--- Record excerpts ---

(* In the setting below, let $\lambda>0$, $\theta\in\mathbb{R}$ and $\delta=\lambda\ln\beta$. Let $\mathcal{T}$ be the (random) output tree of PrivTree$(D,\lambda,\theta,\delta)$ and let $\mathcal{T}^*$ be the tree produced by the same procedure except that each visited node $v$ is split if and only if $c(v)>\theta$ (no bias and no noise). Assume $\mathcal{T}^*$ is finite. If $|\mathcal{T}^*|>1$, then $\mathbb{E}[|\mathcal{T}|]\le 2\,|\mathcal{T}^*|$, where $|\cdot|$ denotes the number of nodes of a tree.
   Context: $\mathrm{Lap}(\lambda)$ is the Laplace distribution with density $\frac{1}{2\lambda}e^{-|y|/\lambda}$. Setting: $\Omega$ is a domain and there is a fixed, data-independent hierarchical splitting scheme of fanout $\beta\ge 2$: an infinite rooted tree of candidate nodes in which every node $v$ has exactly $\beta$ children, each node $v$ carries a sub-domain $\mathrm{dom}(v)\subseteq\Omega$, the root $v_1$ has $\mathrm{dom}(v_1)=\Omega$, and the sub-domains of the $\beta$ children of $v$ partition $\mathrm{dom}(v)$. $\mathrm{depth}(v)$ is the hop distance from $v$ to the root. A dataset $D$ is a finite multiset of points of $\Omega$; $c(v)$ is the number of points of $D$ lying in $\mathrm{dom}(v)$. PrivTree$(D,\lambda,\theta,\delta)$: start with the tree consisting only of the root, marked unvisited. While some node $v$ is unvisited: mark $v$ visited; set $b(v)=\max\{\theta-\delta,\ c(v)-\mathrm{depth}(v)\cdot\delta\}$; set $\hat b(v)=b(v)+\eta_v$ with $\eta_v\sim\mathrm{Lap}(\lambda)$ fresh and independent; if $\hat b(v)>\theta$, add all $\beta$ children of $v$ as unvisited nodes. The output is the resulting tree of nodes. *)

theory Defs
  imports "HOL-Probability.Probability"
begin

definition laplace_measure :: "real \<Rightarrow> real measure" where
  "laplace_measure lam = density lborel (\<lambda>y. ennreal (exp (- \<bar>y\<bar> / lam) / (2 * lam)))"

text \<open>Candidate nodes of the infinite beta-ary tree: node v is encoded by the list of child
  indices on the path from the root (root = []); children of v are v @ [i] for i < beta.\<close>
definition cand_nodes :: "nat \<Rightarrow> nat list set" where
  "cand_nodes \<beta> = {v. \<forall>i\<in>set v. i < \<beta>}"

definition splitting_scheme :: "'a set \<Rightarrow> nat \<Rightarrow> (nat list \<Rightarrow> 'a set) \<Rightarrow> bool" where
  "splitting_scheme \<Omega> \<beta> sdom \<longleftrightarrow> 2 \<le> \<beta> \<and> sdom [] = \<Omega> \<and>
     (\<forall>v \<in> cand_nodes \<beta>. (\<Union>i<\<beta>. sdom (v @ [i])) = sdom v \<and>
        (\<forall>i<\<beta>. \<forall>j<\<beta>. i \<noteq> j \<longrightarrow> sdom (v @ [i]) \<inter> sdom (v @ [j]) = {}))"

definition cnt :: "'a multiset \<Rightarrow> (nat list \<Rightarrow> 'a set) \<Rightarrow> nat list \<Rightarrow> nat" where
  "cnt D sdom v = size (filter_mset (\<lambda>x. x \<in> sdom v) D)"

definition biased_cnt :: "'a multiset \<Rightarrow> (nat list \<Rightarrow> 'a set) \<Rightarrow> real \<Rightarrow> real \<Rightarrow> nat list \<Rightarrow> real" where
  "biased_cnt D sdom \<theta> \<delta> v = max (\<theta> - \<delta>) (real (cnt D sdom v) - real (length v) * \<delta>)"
==
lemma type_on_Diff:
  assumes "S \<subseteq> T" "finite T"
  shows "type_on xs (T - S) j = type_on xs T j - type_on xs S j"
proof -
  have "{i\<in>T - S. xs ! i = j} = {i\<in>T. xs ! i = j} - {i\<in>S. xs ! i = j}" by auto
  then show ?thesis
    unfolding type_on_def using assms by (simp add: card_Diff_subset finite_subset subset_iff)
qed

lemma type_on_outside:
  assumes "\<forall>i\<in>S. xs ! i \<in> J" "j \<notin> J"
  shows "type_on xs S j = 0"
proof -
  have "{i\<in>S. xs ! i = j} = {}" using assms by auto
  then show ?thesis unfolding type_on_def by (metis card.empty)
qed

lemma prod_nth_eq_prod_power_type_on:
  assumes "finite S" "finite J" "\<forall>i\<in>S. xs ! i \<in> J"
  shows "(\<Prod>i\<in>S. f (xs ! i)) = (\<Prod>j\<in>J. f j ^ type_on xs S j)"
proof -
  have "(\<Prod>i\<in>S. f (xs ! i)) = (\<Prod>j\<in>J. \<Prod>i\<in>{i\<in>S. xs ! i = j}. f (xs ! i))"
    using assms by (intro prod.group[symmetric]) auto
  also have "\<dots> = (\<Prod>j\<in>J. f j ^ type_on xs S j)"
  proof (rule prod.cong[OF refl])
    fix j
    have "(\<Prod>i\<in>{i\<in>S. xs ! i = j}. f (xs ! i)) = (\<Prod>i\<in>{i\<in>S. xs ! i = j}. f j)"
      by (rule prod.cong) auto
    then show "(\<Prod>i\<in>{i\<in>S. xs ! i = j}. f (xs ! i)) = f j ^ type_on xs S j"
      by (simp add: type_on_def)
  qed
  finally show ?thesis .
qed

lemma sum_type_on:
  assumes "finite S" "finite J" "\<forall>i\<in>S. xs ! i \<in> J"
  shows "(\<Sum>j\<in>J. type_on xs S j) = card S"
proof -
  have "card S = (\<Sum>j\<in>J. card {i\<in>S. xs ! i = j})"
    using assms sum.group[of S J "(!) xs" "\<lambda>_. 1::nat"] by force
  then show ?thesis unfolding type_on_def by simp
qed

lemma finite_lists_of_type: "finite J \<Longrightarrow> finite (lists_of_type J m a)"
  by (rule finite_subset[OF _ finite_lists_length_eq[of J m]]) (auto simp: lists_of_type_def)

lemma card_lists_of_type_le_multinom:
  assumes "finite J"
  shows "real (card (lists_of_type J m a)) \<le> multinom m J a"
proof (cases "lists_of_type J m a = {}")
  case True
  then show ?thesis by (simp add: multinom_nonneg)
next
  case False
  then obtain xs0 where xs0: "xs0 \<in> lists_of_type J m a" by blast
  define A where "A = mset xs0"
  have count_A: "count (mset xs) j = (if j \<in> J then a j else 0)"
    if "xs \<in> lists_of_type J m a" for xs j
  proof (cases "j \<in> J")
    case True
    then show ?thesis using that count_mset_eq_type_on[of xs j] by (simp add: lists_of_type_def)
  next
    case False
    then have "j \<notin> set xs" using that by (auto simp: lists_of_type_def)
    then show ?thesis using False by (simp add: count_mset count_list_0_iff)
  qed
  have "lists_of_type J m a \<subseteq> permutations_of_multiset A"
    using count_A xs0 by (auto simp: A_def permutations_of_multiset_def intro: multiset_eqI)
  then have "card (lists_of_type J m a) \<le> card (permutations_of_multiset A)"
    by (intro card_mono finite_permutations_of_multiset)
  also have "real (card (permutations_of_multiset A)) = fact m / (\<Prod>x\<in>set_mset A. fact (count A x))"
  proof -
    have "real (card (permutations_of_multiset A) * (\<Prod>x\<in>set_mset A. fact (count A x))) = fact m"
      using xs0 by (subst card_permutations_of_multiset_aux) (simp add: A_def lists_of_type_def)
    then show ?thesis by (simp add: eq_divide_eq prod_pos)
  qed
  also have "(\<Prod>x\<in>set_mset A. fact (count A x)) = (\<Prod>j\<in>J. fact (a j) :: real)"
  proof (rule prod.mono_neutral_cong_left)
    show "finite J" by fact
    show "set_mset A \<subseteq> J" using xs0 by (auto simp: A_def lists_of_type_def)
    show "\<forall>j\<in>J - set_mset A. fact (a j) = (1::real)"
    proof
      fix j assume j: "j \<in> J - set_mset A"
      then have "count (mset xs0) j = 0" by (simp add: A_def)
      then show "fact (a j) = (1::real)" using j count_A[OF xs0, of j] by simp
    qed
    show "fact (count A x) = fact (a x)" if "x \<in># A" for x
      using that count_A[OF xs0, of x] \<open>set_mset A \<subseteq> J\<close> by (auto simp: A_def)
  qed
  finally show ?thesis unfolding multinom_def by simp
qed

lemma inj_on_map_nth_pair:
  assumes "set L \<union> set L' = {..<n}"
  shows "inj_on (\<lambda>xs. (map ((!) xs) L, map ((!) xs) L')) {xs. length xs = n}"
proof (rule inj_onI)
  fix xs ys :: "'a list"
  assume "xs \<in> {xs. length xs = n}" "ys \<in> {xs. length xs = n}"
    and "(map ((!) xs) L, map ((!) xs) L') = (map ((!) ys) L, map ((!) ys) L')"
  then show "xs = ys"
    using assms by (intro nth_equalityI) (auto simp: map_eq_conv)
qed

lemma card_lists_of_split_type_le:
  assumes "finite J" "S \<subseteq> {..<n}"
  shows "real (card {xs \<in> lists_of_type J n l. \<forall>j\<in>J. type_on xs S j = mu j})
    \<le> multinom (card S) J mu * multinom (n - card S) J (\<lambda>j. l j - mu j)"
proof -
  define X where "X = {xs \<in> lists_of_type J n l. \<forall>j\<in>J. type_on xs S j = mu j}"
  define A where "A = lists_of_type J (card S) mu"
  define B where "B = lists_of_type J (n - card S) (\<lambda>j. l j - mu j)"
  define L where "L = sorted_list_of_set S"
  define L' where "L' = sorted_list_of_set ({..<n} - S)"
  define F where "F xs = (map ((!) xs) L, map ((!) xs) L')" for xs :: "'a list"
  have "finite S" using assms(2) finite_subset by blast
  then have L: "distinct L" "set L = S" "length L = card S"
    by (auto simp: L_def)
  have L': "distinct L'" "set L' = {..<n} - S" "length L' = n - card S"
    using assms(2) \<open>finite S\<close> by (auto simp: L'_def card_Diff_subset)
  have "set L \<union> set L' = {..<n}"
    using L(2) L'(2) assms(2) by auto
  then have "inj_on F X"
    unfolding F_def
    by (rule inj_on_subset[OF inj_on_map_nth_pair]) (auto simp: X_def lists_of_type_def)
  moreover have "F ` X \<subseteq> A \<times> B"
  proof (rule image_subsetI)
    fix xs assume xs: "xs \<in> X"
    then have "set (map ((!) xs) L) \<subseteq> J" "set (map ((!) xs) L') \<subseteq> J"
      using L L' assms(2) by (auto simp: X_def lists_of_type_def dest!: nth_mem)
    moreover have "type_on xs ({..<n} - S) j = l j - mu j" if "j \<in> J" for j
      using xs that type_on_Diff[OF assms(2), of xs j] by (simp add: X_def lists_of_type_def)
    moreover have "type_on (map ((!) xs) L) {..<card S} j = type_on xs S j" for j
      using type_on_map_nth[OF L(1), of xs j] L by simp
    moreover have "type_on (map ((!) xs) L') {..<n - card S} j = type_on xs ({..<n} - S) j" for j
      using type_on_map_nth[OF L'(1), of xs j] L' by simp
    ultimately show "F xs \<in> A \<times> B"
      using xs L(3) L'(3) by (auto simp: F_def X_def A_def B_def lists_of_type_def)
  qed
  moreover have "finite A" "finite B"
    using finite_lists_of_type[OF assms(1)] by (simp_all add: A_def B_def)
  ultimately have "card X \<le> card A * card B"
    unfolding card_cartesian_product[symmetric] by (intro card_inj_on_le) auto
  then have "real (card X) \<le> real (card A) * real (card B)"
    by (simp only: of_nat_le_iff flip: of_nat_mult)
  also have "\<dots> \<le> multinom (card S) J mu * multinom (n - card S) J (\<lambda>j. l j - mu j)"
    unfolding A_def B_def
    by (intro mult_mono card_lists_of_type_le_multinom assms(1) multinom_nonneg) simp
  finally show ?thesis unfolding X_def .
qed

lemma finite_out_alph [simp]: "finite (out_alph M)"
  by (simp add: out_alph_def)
==
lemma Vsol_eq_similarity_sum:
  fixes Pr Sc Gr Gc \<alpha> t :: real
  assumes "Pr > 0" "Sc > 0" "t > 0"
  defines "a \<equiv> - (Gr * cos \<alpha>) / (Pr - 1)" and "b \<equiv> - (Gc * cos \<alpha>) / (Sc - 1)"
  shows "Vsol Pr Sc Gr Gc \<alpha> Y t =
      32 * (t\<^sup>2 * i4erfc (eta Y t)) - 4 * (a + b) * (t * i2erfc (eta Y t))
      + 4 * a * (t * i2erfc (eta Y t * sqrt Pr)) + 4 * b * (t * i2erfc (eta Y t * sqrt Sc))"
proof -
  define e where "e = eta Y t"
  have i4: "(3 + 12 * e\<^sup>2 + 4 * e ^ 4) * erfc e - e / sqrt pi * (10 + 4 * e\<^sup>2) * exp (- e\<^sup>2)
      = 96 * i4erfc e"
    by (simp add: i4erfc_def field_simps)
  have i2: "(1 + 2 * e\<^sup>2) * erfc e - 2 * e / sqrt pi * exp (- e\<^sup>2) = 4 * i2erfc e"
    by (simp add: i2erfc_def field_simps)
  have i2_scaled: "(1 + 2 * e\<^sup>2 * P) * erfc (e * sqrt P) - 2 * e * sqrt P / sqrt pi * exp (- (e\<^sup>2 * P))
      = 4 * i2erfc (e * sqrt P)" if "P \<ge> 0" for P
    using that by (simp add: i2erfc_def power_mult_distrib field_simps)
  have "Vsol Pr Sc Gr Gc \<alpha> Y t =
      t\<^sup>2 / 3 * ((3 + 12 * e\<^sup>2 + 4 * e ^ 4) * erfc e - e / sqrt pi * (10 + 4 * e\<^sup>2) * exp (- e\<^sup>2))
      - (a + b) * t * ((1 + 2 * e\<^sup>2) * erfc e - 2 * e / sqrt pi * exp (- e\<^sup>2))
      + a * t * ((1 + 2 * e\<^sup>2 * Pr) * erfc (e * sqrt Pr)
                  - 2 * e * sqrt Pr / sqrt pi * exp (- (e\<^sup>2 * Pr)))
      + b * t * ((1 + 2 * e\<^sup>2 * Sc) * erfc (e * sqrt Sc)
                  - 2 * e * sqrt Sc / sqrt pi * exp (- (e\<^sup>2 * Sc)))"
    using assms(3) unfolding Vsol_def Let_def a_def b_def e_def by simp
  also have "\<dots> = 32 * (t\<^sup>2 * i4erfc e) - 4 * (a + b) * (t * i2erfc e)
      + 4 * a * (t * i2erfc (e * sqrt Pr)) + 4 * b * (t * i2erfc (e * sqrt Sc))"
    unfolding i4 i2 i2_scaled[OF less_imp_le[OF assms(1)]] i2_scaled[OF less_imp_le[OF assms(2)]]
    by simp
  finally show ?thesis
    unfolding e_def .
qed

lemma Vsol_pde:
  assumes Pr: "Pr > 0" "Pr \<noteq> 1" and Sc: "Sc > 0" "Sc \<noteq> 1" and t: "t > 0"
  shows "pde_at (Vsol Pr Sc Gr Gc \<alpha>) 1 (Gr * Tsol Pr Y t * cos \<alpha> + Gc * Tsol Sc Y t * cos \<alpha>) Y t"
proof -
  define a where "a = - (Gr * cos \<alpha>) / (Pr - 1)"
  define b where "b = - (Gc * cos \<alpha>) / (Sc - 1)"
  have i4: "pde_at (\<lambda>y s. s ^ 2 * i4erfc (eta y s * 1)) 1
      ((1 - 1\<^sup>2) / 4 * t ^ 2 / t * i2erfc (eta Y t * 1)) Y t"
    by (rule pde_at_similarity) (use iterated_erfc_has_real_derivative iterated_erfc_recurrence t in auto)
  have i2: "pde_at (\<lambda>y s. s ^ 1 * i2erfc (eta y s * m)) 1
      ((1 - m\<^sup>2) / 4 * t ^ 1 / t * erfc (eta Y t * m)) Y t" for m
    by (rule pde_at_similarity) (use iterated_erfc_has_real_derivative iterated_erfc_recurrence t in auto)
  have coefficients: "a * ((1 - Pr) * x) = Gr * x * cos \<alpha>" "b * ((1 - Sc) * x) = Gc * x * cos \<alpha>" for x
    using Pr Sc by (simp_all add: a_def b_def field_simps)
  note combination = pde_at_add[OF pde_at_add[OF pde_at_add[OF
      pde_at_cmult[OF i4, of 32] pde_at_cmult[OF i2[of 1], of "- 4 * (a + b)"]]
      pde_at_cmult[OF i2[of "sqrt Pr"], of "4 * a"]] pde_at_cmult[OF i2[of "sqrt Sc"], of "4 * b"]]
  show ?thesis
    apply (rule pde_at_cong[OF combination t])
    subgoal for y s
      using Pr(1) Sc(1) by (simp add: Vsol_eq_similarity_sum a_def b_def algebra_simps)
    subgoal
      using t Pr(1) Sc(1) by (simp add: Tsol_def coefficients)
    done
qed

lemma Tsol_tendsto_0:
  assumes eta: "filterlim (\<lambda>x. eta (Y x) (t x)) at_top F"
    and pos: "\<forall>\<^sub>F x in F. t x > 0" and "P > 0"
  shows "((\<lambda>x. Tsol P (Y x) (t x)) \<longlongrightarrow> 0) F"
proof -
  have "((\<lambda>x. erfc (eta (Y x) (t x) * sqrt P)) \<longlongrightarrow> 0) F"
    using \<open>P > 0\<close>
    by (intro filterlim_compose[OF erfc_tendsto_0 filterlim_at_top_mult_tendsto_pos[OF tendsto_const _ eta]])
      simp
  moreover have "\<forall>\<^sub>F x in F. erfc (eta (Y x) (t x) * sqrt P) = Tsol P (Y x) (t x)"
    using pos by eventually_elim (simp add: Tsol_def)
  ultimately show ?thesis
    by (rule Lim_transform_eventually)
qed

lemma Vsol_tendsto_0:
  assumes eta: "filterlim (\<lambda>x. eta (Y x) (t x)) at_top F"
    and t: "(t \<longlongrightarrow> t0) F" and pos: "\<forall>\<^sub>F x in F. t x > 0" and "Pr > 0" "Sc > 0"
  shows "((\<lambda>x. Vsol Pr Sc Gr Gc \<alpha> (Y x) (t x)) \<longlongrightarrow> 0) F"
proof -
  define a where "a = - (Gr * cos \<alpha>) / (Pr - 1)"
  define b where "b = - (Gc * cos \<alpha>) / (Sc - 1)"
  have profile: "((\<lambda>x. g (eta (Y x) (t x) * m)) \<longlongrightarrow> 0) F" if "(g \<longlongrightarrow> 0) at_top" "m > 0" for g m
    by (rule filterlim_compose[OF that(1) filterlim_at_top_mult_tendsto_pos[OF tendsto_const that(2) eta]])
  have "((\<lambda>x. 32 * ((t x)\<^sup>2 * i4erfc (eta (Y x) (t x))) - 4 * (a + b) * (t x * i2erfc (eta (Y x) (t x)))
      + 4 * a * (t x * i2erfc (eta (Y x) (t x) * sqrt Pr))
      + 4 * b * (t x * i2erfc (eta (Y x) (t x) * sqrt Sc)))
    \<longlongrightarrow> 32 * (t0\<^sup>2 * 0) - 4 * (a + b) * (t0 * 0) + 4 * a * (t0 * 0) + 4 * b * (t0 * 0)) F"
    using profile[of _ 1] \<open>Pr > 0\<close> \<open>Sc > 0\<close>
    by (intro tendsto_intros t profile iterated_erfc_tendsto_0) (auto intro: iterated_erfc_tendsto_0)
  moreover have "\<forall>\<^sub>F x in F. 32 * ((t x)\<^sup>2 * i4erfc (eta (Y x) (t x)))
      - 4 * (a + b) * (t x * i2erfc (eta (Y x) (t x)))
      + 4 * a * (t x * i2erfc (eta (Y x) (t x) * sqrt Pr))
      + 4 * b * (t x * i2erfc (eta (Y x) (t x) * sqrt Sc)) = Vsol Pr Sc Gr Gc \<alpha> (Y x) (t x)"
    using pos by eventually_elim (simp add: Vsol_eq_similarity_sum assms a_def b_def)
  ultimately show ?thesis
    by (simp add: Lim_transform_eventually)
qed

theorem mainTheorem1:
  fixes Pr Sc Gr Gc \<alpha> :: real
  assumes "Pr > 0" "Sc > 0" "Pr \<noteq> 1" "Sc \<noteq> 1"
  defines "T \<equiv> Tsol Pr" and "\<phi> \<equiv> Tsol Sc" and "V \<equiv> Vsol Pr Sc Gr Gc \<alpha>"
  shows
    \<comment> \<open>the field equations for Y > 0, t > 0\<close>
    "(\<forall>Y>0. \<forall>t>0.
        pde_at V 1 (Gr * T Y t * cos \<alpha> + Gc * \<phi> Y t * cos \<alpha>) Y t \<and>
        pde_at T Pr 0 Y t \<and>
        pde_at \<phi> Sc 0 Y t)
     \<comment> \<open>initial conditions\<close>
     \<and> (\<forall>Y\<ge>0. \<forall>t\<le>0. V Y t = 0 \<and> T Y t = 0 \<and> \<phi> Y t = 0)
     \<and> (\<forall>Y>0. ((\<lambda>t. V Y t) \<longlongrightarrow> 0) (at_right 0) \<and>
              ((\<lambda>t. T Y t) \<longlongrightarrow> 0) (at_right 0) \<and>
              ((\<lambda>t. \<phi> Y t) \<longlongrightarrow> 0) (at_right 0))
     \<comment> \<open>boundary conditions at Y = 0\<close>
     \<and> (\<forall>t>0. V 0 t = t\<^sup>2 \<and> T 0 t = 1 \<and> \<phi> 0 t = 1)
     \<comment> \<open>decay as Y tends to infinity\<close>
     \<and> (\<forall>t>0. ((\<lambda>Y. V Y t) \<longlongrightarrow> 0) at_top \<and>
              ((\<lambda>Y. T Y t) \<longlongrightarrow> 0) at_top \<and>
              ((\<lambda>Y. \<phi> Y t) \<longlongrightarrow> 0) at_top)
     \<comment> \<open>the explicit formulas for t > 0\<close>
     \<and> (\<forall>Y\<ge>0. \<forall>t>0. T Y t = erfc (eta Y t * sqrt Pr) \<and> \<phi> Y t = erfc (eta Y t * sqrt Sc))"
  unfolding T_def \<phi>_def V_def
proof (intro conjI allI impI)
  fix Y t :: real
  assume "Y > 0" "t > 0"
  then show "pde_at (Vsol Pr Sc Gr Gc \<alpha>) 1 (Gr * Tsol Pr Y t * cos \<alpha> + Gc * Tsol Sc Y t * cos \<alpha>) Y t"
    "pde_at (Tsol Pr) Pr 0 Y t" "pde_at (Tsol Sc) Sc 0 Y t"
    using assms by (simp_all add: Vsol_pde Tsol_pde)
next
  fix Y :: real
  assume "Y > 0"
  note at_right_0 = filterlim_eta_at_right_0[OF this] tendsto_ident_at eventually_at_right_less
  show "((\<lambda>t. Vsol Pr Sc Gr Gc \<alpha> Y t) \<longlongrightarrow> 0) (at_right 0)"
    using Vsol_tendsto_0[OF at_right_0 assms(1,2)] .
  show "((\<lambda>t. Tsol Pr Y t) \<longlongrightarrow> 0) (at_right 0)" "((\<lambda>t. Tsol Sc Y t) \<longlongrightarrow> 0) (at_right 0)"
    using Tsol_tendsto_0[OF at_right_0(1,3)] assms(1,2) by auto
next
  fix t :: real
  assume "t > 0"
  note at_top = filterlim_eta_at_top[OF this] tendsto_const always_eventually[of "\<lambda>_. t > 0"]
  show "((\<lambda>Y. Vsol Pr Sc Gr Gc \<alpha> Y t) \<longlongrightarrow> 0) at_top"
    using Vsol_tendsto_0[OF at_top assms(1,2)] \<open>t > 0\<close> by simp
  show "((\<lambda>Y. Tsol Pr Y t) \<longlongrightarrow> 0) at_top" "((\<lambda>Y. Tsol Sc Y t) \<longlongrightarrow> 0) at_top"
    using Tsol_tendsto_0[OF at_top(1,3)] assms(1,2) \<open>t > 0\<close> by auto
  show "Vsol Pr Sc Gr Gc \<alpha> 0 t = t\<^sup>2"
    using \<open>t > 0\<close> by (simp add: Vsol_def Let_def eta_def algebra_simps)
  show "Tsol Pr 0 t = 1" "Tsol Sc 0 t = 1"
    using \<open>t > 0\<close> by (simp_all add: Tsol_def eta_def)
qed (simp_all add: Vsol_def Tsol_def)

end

--- What you have to do ---
All that belongs in your answer is the stretch of entries above from the line with "define X where" through the line with "using assms(2) \<open>finite", printed exactly.

--- Exercise output ---
  define X where "X = {xs \<in> lists_of_type J n l. \<forall>j\<in>J. type_on xs S j = mu j}"
  define A where "A = lists_of_type J (card S) mu"
  define B where "B = lists_of_type J (n - card S) (\<lambda>j. l j - mu j)"
  define L where "L = sorted_list_of_set S"
  define L' where "L' = sorted_list_of_set ({..<n} - S)"
  define F where "F xs = (map ((!) xs) L, map ((!) xs) L')" for xs :: "'a list"
  have "finite S" using assms(2) finite_subset by blast
  then have L: "distinct L" "set L = S" "length L = card S"
    by (auto simp: L_def)
  have L': "distinct L'" "set L' = {..<n} - S" "length L' = n - card S"
    using assms(2) \<open>finite S\<close> by (auto simp: L'_def card_Diff_subset)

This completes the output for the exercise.